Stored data
⁂

(* Let $\eta$ be a stationary hyperuniform point process on $\mathbb{R}$ (unit intensity) with truncated pair correlation measure $\beta$ satisfying $|\beta|(\mathbb{R})<\infty$. Let $F(x)=\beta([x,\infty))$ and $G(y)=-\int_0^yF(x)\,\mathrm{d}x$. Then $G(y)=\frac12\operatorname{Var}(\eta(\Lambda_y))$ for all $y>0$. Consider the statements: (i) $G$ is regularly varying with some parameter $a\in[0,1]$, i.e. $\lim_{n\to\infty}G(xn)/G(n)=x^a$ for all $x>0$; (ii) for all $z\in\mathbb{R}$ the limit $\mathrm{cov}(z)$ exists and equals $\mathrm{cov}(z)=\frac{|z-1|^a}{2}+\frac{|z+1|^a}{2}-|z|^a$ if $a\in(0,1]$, while for $a=0$ one has $\mathrm{cov}(0)=1$, $\mathrm{cov}(1)=\mathrm{cov}(-1)=-\frac12$ and $\mathrm{cov}(z)=0$ for $z\notin\{-1,0,1\}$; (iii) the limits $\mathrm{cov}(1)$ and $\mathrm{cov}(2)$ exist and are finite. Then (i) implies (ii) (with the same $a$). If in addition $F(x)\le 0$ for all sufficiently large $x$ (or $F(x)\ge0$ for all sufficiently large $x$), then (i), (ii) and (iii) are all equivalent (with (iii) implying (i) for some $a\in[0,1]$). In each of these cases $\mathrm{cov}(1)=2^{a-1}-1$.
   Context: A point process on $\mathbb{R}$ is a random simple locally finite counting measure; stationary means shift-invariant in law; unit intensity means $\mathbb{E}[\eta(W)]=\lambda_1(W)$. With $\alpha^2$ the second factorial moment measure $\alpha^2(W)=\mathbb{E}[\sum_{n_1\ne n_2}\mathbf 1_{(X_{n_1},X_{n_2})\in W}]$ for $\eta=\sum_n\delta_{X_n}$, the reduced measure $\alpha^2_!$ is defined by $\int f\,\mathrm{d}\alpha^2=\iint f(x+y,y)\,\alpha^2_!(\mathrm{d}x)\,\mathrm{d}y$ for measurable $f\ge0$, and the truncated pair correlation measure is the signed measure $\beta=\alpha^2_!-\lambda_1$; it is symmetric under $x\mapsto -x$. $\Lambda_n(z)=[z,z+n]$, $\Lambda_n=[0,n]$. Hyperuniform: $\operatorname{Var}(\eta(\Lambda_n))/n\to0$; under $|\beta|(\mathbb{R})<\infty$ this is equivalent to $\beta(\mathbb{R})=-1$. $\mathrm{cov}(z)=\lim_{n\to\infty}\operatorname{Cov}(\eta(\Lambda_n),\eta(\Lambda_n(nz)))/\operatorname{Var}(\eta(\Lambda_n))$. *)

theory Defs
  imports "HOL-Probability.Probability"
begin

text \<open>A simple point process on the real line is modelled as a random locally finite
  set of points X :: 'w => real set (its support); the counting measure is
  eta(W) = #(X w \<inter> W).\<close>

definition cnt :: "('w \<Rightarrow> real set) \<Rightarrow> 'w \<Rightarrow> real set \<Rightarrow> real" where
  "cnt X w W = real (card (X w \<inter> W))"

definition ecnt :: "('w \<Rightarrow> real set) \<Rightarrow> 'w \<Rightarrow> real set \<Rightarrow> ennreal" where
  "ecnt X w W = emeasure (count_space UNIV) (X w \<inter> W)"

definition point_process :: "'w measure \<Rightarrow> ('w \<Rightarrow> real set) \<Rightarrow> bool" where
  "point_process M X \<longleftrightarrow> prob_space M \<and>
     (\<forall>w\<in>space M. \<forall>B. bounded B \<longrightarrow> finite (X w \<inter> B)) \<and>
     (\<forall>B\<in>sets borel. bounded B \<longrightarrow>
        (\<lambda>w. card (X w \<inter> B)) \<in> measurable M (count_space UNIV))"

definition stationary_pp :: "'w measure \<Rightarrow> ('w \<Rightarrow> real set) \<Rightarrow> bool" where
  "stationary_pp M X \<longleftrightarrow>
     (\<forall>t::real. \<forall>n::nat. \<forall>Ws :: nat \<Rightarrow> real set.
        (\<forall>i<n. Ws i \<in> sets borel \<and> bounded (Ws i)) \<longrightarrow>
        distr M (PiM {..<n} (\<lambda>_. count_space (UNIV :: nat set)))
             (\<lambda>w. \<lambda>i\<in>{..<n}. card (X w \<inter> ((+) t) ` Ws i))
      = distr M (PiM {..<n} (\<lambda>_. count_space (UNIV :: nat set)))
             (\<lambda>w. \<lambda>i\<in>{..<n}. card (X w \<inter> Ws i)))"

definition unit_intensity :: "'w measure \<Rightarrow> ('w \<Rightarrow> real set) \<Rightarrow> bool" where
  "unit_intensity M X \<longleftrightarrow>
     (\<forall>W\<in>sets borel. (\<integral>\<^sup>+ w. ecnt X w W \<partial>M) = emeasure lborel W)"

definition pairs2 :: "('w \<Rightarrow> real set) \<Rightarrow> 'w \<Rightarrow> (real \<times> real) set" where
  "pairs2 X w = {(x, y). x \<in> X w \<and> y \<in> X w \<and> x \<noteq> y}"

text \<open>A is the reduced second factorial moment measure: for measurable f \<ge> 0,
  integral f d(alpha^2) = E[sum over n1 \<noteq> n2 of f(X_n1, X_n2)] equals the iterated
  integral of f(x+y,y) against A(dx) dy.\<close>
definition reduced_second_moment ::
    "'w measure \<Rightarrow> ('w \<Rightarrow> real set) \<Rightarrow> real measure \<Rightarrow> bool" where
  "reduced_second_moment M X A \<longleftrightarrow> sets A = sets borel \<and>
     (\<forall>f \<in> borel_measurable (borel \<Otimes>\<^sub>M borel).
        (\<integral>\<^sup>+ w. (\<integral>\<^sup>+ p. f p \<partial>count_space (pairs2 X w)) \<partial>M)
        = (\<integral>\<^sup>+ y. (\<integral>\<^sup>+ x. f (x + y, y) \<partial>A) \<partial>lborel))"

text \<open>The truncated pair correlation
  measure beta = A - lebesgue with finite total variation is represented by a pair of
  finite Borel measures Bp, Bn with A + Bn = lebesgue + Bp, so beta = Bp - Bn.
  (Such a pair exists iff |beta|(R) < \<infinity>, e.g. via the Jordan decomposition.)\<close>
definition finite_tpc_decomp :: "real measure \<Rightarrow> real measure \<Rightarrow> real measure \<Rightarrow> bool" where
  "finite_tpc_decomp A Bp Bn \<longleftrightarrow>
     finite_measure Bp \<and> finite_measure Bn \<and>
     sets Bp = sets borel \<and> sets Bn = sets borel \<and>
     (\<forall>B\<in>sets borel. emeasure A B + emeasure Bn B = emeasure lborel B + emeasure Bp B)"

definition beta_of :: "real measure \<Rightarrow> real measure \<Rightarrow> real set \<Rightarrow> real" where
  "beta_of Bp Bn B = measure Bp B - measure Bn B"

definition Fb :: "real measure \<Rightarrow> real measure \<Rightarrow> real \<Rightarrow> real" where
  "Fb Bp Bn x = beta_of Bp Bn {x..}"

definition Gb :: "real measure \<Rightarrow> real measure \<Rightarrow> real \<Rightarrow> real" where
  "Gb Bp Bn y = - integral {0..y} (Fb Bp Bn)"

⁂

Exercise goal
The lines to return are those in the entries above that include "close".

Solution to this problem
  eta(W) = #(X w \<inter> W).\<close>
  integral of f(x+y,y) against A(dx) dy.\<close>
  (Such a pair exists iff |beta|(R) < \<infinity>, e.g. via the Jordan decomposition.)\<close>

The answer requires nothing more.